I felt my stomach clench.

Again.

I hated that.

I hated it even more that I could do nothing for her.

Nothing but allow her to sleep in the goddamn hammock.

“What happened to the roommate’s boyfriend?” I found myself asking.

“Jail,” he answered. “He was one of the ones you informed on for us.”

I wish I’d known that while I was there. I would’ve fucked him up extra just for the pure joy of it.

Hoax muttered something similar, and we shared a knowing smile. “If I’d have only known…”

***

It was an hour later that I was walking into my Abuela’s bakery and being surprised for the second time that day.

It wasn’t because of the fact that my grandmother glared at me over her cookie display case, but because of the fact that none other than my pain in the ass neighbor was sitting in one of the booths in the far corner of the room.

“What are you doing here?” came from my grandmother.

I turned to her, ignoring my neighbor and how much I wanted to pull her into my arms, and turned to my grandmother.

“I’d like a couple of those,” I pointed at the cookies.

My grandmother huffed and pulled four out of the case, putting them onto a plate and handing it to me so hard that one of the cookies almost fell to the floor.

I caught it with my expert skills, then took a big enough bite that half the cookie was devoured.

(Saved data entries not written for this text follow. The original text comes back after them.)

(* If a graph $G$ is $\mathbb{Z}_3$-colorable, then $G$ is 5-degenerate; that is, $\chi_g(G)\leq Col(G)\leq 6$.
   Context: Graphs are finite, may have multiple edges but no loops. For an Abelian group $\Gamma$, $G$ is $\Gamma$-colorable if for some (equivalently, any) orientation $D$ of $G$ and every $\varphi:E(G)\to\Gamma$ there is $c:V(G)\to\Gamma$ with $c(w)-c(u)\neq\varphi(uw)$ for every directed edge $uw$ of $D$. A graph is $d$-degenerate if every subgraph has a vertex of degree at most $d$. The coloring number $Col(G)$ is the smallest $d$ such that $G$ is $(d-1)$-degenerate; equivalently $Col(G)-1$ is the maximum, over all subgraphs of $G$, of the minimum degree. The group chromatic number $\chi_g(G)$ is the smallest $k$ such that $G$ is $\Gamma$-colorable for every Abelian group $\Gamma$ of order at least $k$. *)

theory Defs
  imports Main "HOL-Library.Numeral_Type"
begin

text \<open>A finite loopless multigraph: vertex set V, edge set E (edge identities, so
parallel edges are allowed), and ends e = the 2-element set of endpoints of e.\<close>
definition multigraph :: "'v set \<Rightarrow> 'e set \<Rightarrow> ('e \<Rightarrow> 'v set) \<Rightarrow> bool" where
  "multigraph V E ends \<longleftrightarrow> finite V \<and> finite E \<and>
     (\<forall>e\<in>E. ends e \<subseteq> V \<and> card (ends e) = 2)"

definition orientation :: "'e set \<Rightarrow> ('e \<Rightarrow> 'v set) \<Rightarrow> ('e \<Rightarrow> 'v) \<Rightarrow> bool" where
  "orientation E ends tail \<longleftrightarrow> (\<forall>e\<in>E. tail e \<in> ends e)"

definition head :: "('e \<Rightarrow> 'v set) \<Rightarrow> ('e \<Rightarrow> 'v) \<Rightarrow> 'e \<Rightarrow> 'v" where
  "head ends tail e = (THE w. w \<in> ends e \<and> w \<noteq> tail e)"

definition group_colorable ::
  "'g::ab_group_add itself \<Rightarrow> 'v set \<Rightarrow> 'e set \<Rightarrow> ('e \<Rightarrow> 'v set) \<Rightarrow> bool" where
  "group_colorable _ V E ends \<longleftrightarrow>
     (\<exists>tail. orientation E ends tail \<and>
       (\<forall>\<phi> :: 'e \<Rightarrow> 'g. \<exists>c :: 'v \<Rightarrow> 'g.
          \<forall>e\<in>E. c (head ends tail e) - c (tail e) \<noteq> \<phi> e))"

definition degree_in :: "'e set \<Rightarrow> ('e \<Rightarrow> 'v set) \<Rightarrow> 'v \<Rightarrow> nat" where
  "degree_in E ends v = card {e\<in>E. v \<in> ends e}"

definition degenerate :: "'v set \<Rightarrow> 'e set \<Rightarrow> ('e \<Rightarrow> 'v set) \<Rightarrow> nat \<Rightarrow> bool" where
  "degenerate V E ends d \<longleftrightarrow>
     (\<forall>V' E'. V' \<subseteq> V \<and> V' \<noteq> {} \<and> E' \<subseteq> E \<and> (\<forall>e\<in>E'. ends e \<subseteq> V') \<longrightarrow>
        (\<exists>v\<in>V'. degree_in E' ends v \<le> d))"

end

theory Submission
  imports Defs "HOL-Library.FuncSet"
begin

text \<open>Let \<open>H\<close> be a subgraph with \<open>n\<close> vertices, \<open>m\<close> edges and minimum degree at least 6,
so \<open>m \<ge> 3n\<close>. Every \<open>\<phi> : E(H) \<rightarrow> \<int>\<^sub>3\<close> is avoided by one of the \<open>3\<^sup>n\<close> colourings of \<open>V(H)\<close>,
and each colouring avoids only \<open>2\<^sup>m\<close> of the \<open>3\<^sup>m\<close> functions \<open>\<phi>\<close>. Hence
\<open>3\<^sup>m \<le> 3\<^sup>n 2\<^sup>m\<close>, impossible for \<open>n \<ge> 1\<close> because \<open>(3/2)\<^sup>3 = 27/8 > 3\<close>.\<close>

lemma sum_degree_in_eq_sum_card_ends:
  assumes "finite V" "finite E" "\<forall>e\<in>E. ends e \<subseteq> V"
  shows "(\<Sum>v\<in>V. degree_in E ends v) = (\<Sum>e\<in>E. card (ends e))"
proof -
  have "(\<Sum>v\<in>V. degree_in E ends v) = (\<Sum>v\<in>V. \<Sum>e\<in>E. if v \<in> ends e then 1 else 0)"
    unfolding degree_in_def using assms(2)
    by (intro sum.cong refl) (simp add: sum.If_cases Collect_conj_eq)
  also have "\<dots> = (\<Sum>e\<in>E. \<Sum>v\<in>V. if v \<in> ends e then 1 else 0)"
    by (rule sum.swap)
  also have "\<dots> = (\<Sum>e\<in>E. card (ends e))"
  proof (rule sum.cong[OF refl])
    fix e assume "e \<in> E"
    then have "V \<inter> ends e = ends e" using assms(3) by blast
    then show "(\<Sum>v\<in>V. if v \<in> ends e then 1 else 0) = card (ends e)"
      using assms(1) by (simp add: sum.If_cases Int_commute)
  qed
  finally show ?thesis .
qed

lemma multigraph_min_degree_card_edges:
  assumes "multigraph V E ends" and "\<forall>v\<in>V. d \<le> degree_in E ends v"
  shows "d * card V \<le> 2 * card E"
proof -
  have "d * card V \<le> (\<Sum>v\<in>V. degree_in E ends v)"
    using sum_mono[of V "\<lambda>_. d"] assms(2) by (simp add: mult.commute)
  also have "\<dots> = (\<Sum>e\<in>E. card (ends e))"
    using assms(1) by (simp add: multigraph_def sum_degree_in_eq_sum_card_ends)
  also have "\<dots> = 2 * card E"
    using assms(1) by (simp add: multigraph_def)
  finally show ?thesis .
qed

lemma multigraph_subgraph:
  assumes "multigraph V E ends" "V' \<subseteq> V" "E' \<subseteq> E" "\<forall>e\<in>E'. ends e \<subseteq> V'"
  shows "multigraph V' E' ends"
  using assms unfolding multigraph_def by (auto intro: finite_subset)

lemma group_colorable_subgraph:
  assumes "group_colorable TYPE('g::ab_group_add) V E ends" "E' \<subseteq> E"
  shows "group_colorable TYPE('g) V' E' ends"
  using assms unfolding group_colorable_def orientation_def by blast

lemma head_in_ends:
  assumes "card (ends e) = 2" "tail e \<in> ends e"
  shows "head ends tail e \<in> ends e"
proof -
  obtain a b where "a \<noteq> b" "ends e = {a, b}"
    using assms(1) by (auto simp: card_Suc_eq numeral_2_eq_2)
  then have "\<exists>!w. w \<in> ends e \<and> w \<noteq> tail e" using assms(2) by auto
  then show ?thesis unfolding head_def by (metis (mono_tags, lifting) theI')
qed

lemma group_colorable_card_bound:
  fixes V :: "'v set" and E :: "'e set"
  assumes "multigraph V E ends" "group_colorable TYPE('g::{ab_group_add, finite}) V E ends"
  shows "CARD('g) ^ card E \<le> CARD('g) ^ card V * (CARD('g) - 1) ^ card E"
proof -
  obtain tail where tail: "orientation E ends tail" and colorable:
    "\<forall>\<phi> :: 'e \<Rightarrow> 'g. \<exists>c :: 'v \<Rightarrow> 'g. \<forall>e\<in>E. c (head ends tail e) - c (tail e) \<noteq> \<phi> e"
    using assms(2) unfolding group_colorable_def by blast
  have fin: "finite V" "finite E" and ends: "\<forall>e\<in>E. card (ends e) = 2 \<and> ends e \<subseteq> V"
    using assms(1) unfolding multigraph_def by auto
  have endpoints_in_V: "head ends tail e \<in> V" "tail e \<in> V" if "e \<in> E" for e
    using head_in_ends[of ends e tail] ends tail that unfolding orientation_def by blast+
  define avoided_by :: "('v \<Rightarrow> 'g) \<Rightarrow> ('e \<Rightarrow> 'g) set" where
    "avoided_by c = (\<Pi>\<^sub>E e\<in>E. UNIV - {c (head ends tail e) - c (tail e)})" for c
  let ?C = "V \<rightarrow>\<^sub>E (UNIV :: 'g set)"
  have cover: "E \<rightarrow>\<^sub>E UNIV \<subseteq> (\<Union>c\<in>?C. avoided_by c)"
  proof
    fix \<phi> :: "'e \<Rightarrow> 'g" assume \<phi>: "\<phi> \<in> E \<rightarrow>\<^sub>E UNIV"
    obtain c where "\<forall>e\<in>E. c (head ends tail e) - c (tail e) \<noteq> \<phi> e"
      using colorable by blast
    then have "\<phi> \<in> avoided_by (restrict c V)"
      using \<phi> endpoints_in_V unfolding avoided_by_def by (auto simp: PiE_iff)
    moreover have "restrict c V \<in> ?C" by simp
    ultimately show "\<phi> \<in> (\<Union>c\<in>?C. avoided_by c)" by blast
  qed
  have "CARD('g) ^ card E = card (E \<rightarrow>\<^sub>E (UNIV :: 'g set))"
    using fin by (simp add: card_PiE)
  also have "\<dots> \<le> card (\<Union>c\<in>?C. avoided_by c)"
    using cover fin by (intro card_mono) (auto simp: avoided_by_def intro!: finite_PiE)
  also have "\<dots> \<le> (\<Sum>c\<in>?C. card (avoided_by c))"
    using fin by (intro card_UN_le finite_PiE) auto
  also have "\<dots> = (\<Sum>c\<in>?C. (CARD('g) - 1) ^ card E)"
    using fin by (intro sum.cong refl) (simp add: avoided_by_def card_PiE card_Diff_singleton)
  also have "\<dots> = CARD('g) ^ card V * (CARD('g) - 1) ^ card E"
    using fin by (simp add: card_PiE)
  finally show ?thesis .
qed

lemma three_pow_gt:
  assumes "1 \<le> n" "3 * n \<le> m"
  shows "3 ^ n * 2 ^ m < (3 :: nat) ^ m"
proof -
  obtain k where k: "m = 3 * n + k" using assms(2) le_Suc_ex by blast
  have "(24::nat) ^ n * 2 ^ k < 27 ^ n * 3 ^ k"
    using assms(1) by (intro mult_less_le_imp_less power_strict_mono power_mono) simp_all
  moreover have "(3::nat) ^ n * 2 ^ m = 24 ^ n * 2 ^ k"
    by (simp add: k power_add power_mult flip: power_mult_distrib)
  moreover have "(3::nat) ^ m = 27 ^ n * 3 ^ k"
    by (simp add: k power_add power_mult)
  ultimately show ?thesis by simp
qed

theorem proposition7p6:
  fixes V :: "'v set" and E :: "'e set" and ends :: "'e \<Rightarrow> 'v set"
  assumes "multigraph V E ends"
    and "group_colorable TYPE(3) V E ends"
  shows "degenerate V E ends 5"
  unfolding degenerate_def
proof (intro allI impI)
  fix V' E' assume sub: "V' \<subseteq> V \<and> V' \<noteq> {} \<and> E' \<subseteq> E \<and> (\<forall>e\<in>E'. ends e \<subseteq> V')"
  show "\<exists>v\<in>V'. degree_in E' ends v \<le> 5"
  proof (rule ccontr)
    assume "\<not> ?thesis"
    then have min_degree: "\<forall>v\<in>V'. 6 \<le> degree_in E' ends v" by auto
    have H: "multigraph V' E' ends"
      using multigraph_subgraph assms(1) sub by blast
    have "group_colorable TYPE(3) V' E' ends"
      using group_colorable_subgraph assms(2) sub by blast
    then have "3 ^ card E' \<le> 3 ^ card V' * (2::nat) ^ card E'"
      using group_colorable_card_bound[OF H] by fastforce
    moreover have "1 \<le> card V'"
      using H sub by (simp add: multigraph_def Suc_le_eq card_gt_0_iff)
    moreover have "3 * card V' \<le> card E'"
      using multigraph_min_degree_card_edges[OF H min_degree] by simp
    ultimately show False
      using three_pow_gt by (simp add: not_le[symmetric])
  qed
qed

end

“It’s good,” I muttered around a full mouth. “Though the bottom’s a little burnt.”

My grandmother huffed indignantly. “You lie.”

My lips twitched.

“You have any milk?” I asked.

My grandmother didn’t sell milk at the bakery. Something in which I’d been urging her to do for a while now.

I mean, who the hell would be able to eat something sweet and not want milk to chase it down with afterward?

However, she’d tried to sell milk before and it mostly ended up going bad, and she lost money on it.

Now she no longer sold the milk, but always kept some in the back for when I’d come.

Or used to.

The way she smiled slowly, she apparently still did.

“Thank you,” I grinned.

My grandmother couldn’t contain her smile.